:: TASK OBJECTIVE ::
Each line from the opening of the records that follow to the line with "case (insert x S)" needs to be written out exactly. Add nothing.
*****
lemma card_span_independent:
  fixes S :: "(nat \<Rightarrow> 'a::{field,finite}) set"
  assumes "finite S" "V.independent S"
  shows "card (V.span S) = card (UNIV :: 'a set) ^ card S"
  using assms
proof (induction S rule: finite_induct)
  case empty
  then show ?case by simp
next
  case (insert x S)
  have x: "x \<notin> V.span S" and S: "V.independent S"
    using insert(2,4) by (simp_all add: V.independent_insert)
  let ?h = "\<lambda>(a::'a, y). vscale a x + y"
  have "bij_betw ?h (UNIV \<times> V.span S) (V.span (insert x S))"
  proof (rule bij_betwI')
    fix p p' :: "'a \<times> (nat \<Rightarrow> 'a)"
    assume p: "p \<in> UNIV \<times> V.span S" "p' \<in> UNIV \<times> V.span S"
    obtain a y a' y' where pp: "p = (a, y)" "p' = (a', y')" by (cases p, cases p')
    show "(?h p = ?h p') = (p = p')"
    proof
      assume e: "?h p = ?h p'"
      have "vscale (a - a') x = y' - y"
        using e pp by (auto simp: fun_eq_iff algebra_simps vscale_apply)
      moreover have "y' - y \<in> V.span S" using p pp by (auto intro: V.span_diff)
      ultimately have "a = a'"
        using x V.span_scale[of _ S "inverse (a - a')"] by (metis V.scale_left_imp_eq V.scale_one
            V.scale_scale left_inverse right_minus_eq)
      then show "p = p'" using e pp by auto
    qed auto
  next
    fix p :: "'a \<times> (nat \<Rightarrow> 'a)" assume "p \<in> UNIV \<times> V.span S"
    then show "?h p \<in> V.span (insert x S)"
      by (auto intro: V.span_add V.span_scale V.span_base V.span_mono[THEN subsetD, of S])
  next
    fix z assume "z \<in> V.span (insert x S)"
    then obtain k where "z - vscale k x \<in> V.span S" by (auto simp: V.span_insert)
    then show "\<exists>p\<in>UNIV \<times> V.span S. z = ?h p"
      by (intro bexI[of _ "(k, z - vscale k x)"]) auto
  qed
  then have "card (V.span (insert x S)) = card (UNIV :: 'a set) * card (V.span S)"
    by (metis bij_betw_same_card card_cartesian_product)
  then show ?case using insert S by simp
qed

subsection \<open>Syndromes\<close>

definition unit_vec :: "nat \<Rightarrow> nat \<Rightarrow> 'a::zero_neq_one" where
  "unit_vec i = (\<lambda>j. if j = i then 1 else 0)"

lemma unit_vec_in_vecs: "i < n \<Longrightarrow> unit_vec i \<in> vecs n"
  by (simp add: unit_vec_def vecs_def)

lemma sum_unit_vec:
  fixes x :: "nat \<Rightarrow> 'a::field"
  assumes "x \<in> vecs n"
  shows "(\<Sum>i<n. vscale (x i) (unit_vec i)) = x"
proof
  fix j
  have "(\<Sum>i<n. vscale (x i) (unit_vec i)) j = (\<Sum>i<n. if j = i then x i else 0)"
    by (simp add: sum_fun_apply vscale_apply unit_vec_def if_distrib cong: if_cong)
  also have "\<dots> = x j" using assms by (auto simp: vecs_def)
  finally show "(\<Sum>i<n. vscale (x i) (unit_vec i)) j = x j" .
qed

text \<open>F j is the j-th column of a parity-check matrix.\<close>
definition syndrome :: "nat \<Rightarrow> (nat \<Rightarrow> nat \<Rightarrow> 'a::field) \<Rightarrow> (nat \<Rightarrow> 'a) \<Rightarrow> nat \<Rightarrow> 'a" where
  "syndrome n F x = (\<Sum>j<n. vscale (x j) (F j))"

definition syndrome_code :: "nat \<Rightarrow> (nat \<Rightarrow> nat \<Rightarrow> 'a::field) \<Rightarrow> (nat \<Rightarrow> 'a) set" where
  "syndrome_code n F = {x \<in> vecs n. syndrome n F x = 0}"

lemma linear_syndrome: "Vector_Spaces.linear vscale vscale (syndrome n F)"
  unfolding Vector_Spaces.linear_iff
  by (simp add: V.vector_space_axioms syndrome_def V.scale_left_distrib sum.distrib
      V.scale_sum_right vscale_apply)

lemma syndrome_unit_vec: "i < n \<Longrightarrow> syndrome n F (unit_vec i) = F i"
  by (simp add: syndrome_def unit_vec_def if_distrib[of "\<lambda>a. vscale a _"] cong: if_cong)

lemma syndrome_eq_linear_map:
  assumes L: "Vector_Spaces.linear vscale vscale L" and x: "x \<in> vecs n"
  shows "syndrome n (\<lambda>i. L (unit_vec i)) x = L x"
proof -
  have "syndrome n (\<lambda>i. L (unit_vec i)) x = L (\<Sum>i<n. vscale (x i) (unit_vec i))"
    by (simp add: syndrome_def VP.linear_sum[OF L] VP.linear_scale[OF L])
  then show ?thesis using sum_unit_vec[OF x] by simp
qed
*****
:: RESPONSE TO THIS TASK ::
lemma card_span_independent:
  fixes S :: "(nat \<Rightarrow> 'a::{field,finite}) set"
  assumes "finite S" "V.independent S"
  shows "card (V.span S) = card (UNIV :: 'a set) ^ card S"
  using assms
proof (induction S rule: finite_induct)
  case empty
  then show ?case by simp
next
  case (insert x S)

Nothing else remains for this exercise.